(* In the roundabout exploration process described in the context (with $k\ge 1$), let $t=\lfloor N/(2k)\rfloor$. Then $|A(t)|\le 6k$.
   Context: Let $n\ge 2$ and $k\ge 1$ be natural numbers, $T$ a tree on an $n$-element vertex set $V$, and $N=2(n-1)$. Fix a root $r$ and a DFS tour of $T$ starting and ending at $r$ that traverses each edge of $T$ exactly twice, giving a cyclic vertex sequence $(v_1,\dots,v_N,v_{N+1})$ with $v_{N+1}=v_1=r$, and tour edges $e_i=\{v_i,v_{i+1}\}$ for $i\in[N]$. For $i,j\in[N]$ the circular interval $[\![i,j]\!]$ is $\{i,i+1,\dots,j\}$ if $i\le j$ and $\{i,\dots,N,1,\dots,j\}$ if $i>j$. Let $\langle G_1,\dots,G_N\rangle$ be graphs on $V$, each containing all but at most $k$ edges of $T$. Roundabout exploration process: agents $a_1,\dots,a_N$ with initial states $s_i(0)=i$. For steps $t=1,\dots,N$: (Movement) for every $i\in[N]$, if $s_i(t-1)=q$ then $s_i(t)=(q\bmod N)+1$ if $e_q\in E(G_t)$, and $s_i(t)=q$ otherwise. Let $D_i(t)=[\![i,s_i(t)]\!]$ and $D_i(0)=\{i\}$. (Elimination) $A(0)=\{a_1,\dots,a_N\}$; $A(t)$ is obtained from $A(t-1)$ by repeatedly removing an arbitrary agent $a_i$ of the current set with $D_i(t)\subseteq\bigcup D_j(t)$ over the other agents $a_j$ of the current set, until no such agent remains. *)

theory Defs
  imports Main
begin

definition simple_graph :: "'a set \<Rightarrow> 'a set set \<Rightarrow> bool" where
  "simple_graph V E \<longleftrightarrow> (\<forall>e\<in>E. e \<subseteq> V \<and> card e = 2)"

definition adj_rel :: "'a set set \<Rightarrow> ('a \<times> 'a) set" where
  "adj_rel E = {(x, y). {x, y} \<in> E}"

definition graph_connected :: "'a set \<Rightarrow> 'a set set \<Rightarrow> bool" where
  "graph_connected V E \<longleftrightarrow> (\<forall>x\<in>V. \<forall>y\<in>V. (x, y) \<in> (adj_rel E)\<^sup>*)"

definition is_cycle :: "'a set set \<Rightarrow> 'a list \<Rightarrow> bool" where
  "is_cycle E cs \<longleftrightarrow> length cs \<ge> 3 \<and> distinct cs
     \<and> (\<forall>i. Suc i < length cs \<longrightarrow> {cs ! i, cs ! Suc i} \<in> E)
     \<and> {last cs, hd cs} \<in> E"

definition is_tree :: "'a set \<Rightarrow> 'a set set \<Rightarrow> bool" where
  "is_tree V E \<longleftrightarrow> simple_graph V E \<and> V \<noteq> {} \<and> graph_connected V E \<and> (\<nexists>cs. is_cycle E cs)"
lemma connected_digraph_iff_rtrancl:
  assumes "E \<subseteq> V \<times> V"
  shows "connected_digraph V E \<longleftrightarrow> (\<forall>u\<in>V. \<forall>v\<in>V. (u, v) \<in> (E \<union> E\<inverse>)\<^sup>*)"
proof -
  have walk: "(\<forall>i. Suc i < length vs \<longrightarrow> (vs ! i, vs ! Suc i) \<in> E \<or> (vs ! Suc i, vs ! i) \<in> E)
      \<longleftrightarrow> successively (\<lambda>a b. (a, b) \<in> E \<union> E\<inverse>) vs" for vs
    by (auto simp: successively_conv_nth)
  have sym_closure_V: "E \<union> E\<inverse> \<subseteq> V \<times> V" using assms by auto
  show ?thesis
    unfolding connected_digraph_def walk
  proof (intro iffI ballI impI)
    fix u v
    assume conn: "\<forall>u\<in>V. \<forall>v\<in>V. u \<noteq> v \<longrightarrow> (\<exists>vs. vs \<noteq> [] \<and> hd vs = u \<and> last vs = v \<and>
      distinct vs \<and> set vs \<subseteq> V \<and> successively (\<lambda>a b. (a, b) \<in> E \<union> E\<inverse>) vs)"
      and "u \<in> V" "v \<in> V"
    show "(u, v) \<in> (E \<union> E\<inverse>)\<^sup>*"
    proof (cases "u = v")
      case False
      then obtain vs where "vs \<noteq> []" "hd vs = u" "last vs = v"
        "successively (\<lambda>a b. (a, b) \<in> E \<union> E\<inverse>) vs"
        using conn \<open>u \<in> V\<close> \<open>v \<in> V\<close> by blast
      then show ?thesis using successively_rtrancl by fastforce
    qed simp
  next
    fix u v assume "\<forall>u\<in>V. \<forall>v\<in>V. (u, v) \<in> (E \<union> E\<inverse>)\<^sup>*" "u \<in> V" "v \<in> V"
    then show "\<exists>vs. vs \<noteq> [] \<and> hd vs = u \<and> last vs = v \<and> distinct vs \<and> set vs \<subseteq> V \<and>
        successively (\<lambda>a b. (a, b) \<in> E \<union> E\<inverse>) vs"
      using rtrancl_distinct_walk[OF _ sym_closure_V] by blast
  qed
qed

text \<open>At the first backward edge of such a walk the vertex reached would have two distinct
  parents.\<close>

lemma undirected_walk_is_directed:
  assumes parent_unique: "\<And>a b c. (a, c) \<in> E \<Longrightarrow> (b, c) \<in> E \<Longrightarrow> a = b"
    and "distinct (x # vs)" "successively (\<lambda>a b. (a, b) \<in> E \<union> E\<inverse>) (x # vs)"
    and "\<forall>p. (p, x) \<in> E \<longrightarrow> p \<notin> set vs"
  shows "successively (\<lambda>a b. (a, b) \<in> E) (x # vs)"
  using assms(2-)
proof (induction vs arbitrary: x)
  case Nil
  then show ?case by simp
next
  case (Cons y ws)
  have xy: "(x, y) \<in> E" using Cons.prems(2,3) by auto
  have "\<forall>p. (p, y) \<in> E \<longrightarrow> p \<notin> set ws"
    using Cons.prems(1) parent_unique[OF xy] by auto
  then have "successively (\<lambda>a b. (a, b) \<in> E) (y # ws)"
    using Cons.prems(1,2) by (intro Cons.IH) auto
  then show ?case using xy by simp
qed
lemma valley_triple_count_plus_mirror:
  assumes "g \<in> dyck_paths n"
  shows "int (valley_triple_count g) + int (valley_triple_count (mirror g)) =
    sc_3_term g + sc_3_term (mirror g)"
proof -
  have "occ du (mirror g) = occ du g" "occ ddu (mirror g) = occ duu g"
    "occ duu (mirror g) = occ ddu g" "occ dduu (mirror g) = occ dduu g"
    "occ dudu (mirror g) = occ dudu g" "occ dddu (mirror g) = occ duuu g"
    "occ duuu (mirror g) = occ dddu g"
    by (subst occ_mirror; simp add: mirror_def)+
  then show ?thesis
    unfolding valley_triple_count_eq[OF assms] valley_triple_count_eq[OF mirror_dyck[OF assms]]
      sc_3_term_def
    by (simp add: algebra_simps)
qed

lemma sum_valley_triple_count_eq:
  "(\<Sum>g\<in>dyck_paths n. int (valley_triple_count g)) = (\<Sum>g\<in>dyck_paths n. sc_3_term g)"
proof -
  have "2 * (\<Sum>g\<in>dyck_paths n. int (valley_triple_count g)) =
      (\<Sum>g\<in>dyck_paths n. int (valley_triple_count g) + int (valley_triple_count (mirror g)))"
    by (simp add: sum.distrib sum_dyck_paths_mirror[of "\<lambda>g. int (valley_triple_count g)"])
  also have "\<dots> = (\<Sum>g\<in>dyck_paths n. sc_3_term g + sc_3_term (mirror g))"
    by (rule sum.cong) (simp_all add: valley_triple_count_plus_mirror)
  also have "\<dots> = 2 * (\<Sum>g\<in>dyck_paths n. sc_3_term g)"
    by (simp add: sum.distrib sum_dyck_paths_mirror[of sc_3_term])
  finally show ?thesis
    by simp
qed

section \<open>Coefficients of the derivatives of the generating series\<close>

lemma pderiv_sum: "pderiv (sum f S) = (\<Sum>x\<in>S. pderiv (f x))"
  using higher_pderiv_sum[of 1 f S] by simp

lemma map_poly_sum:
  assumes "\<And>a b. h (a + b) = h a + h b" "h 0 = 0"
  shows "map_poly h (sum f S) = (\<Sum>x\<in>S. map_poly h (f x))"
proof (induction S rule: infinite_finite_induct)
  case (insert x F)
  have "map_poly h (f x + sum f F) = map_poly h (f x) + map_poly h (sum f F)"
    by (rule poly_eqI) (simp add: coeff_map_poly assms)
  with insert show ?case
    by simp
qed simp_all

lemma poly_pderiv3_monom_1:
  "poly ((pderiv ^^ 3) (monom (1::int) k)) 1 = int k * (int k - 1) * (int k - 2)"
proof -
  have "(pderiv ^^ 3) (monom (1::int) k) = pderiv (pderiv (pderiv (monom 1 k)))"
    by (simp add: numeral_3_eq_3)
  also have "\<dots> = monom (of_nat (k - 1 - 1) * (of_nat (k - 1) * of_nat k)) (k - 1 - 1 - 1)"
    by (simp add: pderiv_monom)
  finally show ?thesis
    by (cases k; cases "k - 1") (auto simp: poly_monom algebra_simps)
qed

□ □ □

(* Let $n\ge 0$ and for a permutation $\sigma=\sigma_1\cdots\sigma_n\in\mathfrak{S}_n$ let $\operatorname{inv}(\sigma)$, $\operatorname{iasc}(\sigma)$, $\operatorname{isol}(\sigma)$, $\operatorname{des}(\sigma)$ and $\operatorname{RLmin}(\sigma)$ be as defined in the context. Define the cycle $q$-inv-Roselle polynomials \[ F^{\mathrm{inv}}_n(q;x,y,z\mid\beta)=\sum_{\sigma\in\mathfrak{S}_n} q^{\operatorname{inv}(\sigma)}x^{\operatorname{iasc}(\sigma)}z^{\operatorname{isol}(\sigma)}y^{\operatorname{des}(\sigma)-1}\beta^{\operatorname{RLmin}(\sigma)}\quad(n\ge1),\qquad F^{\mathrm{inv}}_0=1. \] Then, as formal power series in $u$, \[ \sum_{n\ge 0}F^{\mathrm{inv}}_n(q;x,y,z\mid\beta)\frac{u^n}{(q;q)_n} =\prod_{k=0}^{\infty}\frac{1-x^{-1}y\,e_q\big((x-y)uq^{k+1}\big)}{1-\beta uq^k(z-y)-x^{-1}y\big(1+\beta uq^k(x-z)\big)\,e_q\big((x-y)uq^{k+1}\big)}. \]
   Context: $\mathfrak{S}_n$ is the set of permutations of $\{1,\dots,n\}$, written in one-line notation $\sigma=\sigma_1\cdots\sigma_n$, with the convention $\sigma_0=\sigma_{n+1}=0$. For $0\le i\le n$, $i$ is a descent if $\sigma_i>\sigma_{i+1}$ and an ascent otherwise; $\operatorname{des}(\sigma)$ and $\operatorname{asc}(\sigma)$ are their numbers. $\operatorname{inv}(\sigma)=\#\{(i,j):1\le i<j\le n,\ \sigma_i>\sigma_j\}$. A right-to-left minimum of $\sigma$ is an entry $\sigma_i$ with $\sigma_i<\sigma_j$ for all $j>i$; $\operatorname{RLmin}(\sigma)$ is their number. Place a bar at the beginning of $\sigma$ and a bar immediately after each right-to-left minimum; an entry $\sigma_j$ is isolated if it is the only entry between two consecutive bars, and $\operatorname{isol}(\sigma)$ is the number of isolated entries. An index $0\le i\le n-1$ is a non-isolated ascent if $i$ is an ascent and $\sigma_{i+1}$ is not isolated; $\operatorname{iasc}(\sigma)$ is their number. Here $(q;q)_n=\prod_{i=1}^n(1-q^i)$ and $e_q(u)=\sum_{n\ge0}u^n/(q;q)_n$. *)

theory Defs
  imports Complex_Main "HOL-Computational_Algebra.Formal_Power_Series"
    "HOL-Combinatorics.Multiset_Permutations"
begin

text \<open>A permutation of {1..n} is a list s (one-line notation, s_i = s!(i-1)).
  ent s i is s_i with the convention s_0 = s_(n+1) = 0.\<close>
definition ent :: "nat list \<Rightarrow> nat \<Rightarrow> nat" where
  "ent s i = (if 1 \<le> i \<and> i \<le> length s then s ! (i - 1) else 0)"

□ □ □

#### Brief:
Out of the listing above, reproduce exactly the lines from the one with "E \<longleftrightarrow> (\<forall>u\<in>V." up to and including the one with "vs ! i) \<in> E)".

#### Answer for this exercise:
  shows "connected_digraph V E \<longleftrightarrow> (\<forall>u\<in>V. \<forall>v\<in>V. (u, v) \<in> (E \<union> E\<inverse>)\<^sup>*)"
proof -
  have walk: "(\<forall>i. Suc i < length vs \<longrightarrow> (vs ! i, vs ! Suc i) \<in> E \<or> (vs ! Suc i, vs ! i) \<in> E)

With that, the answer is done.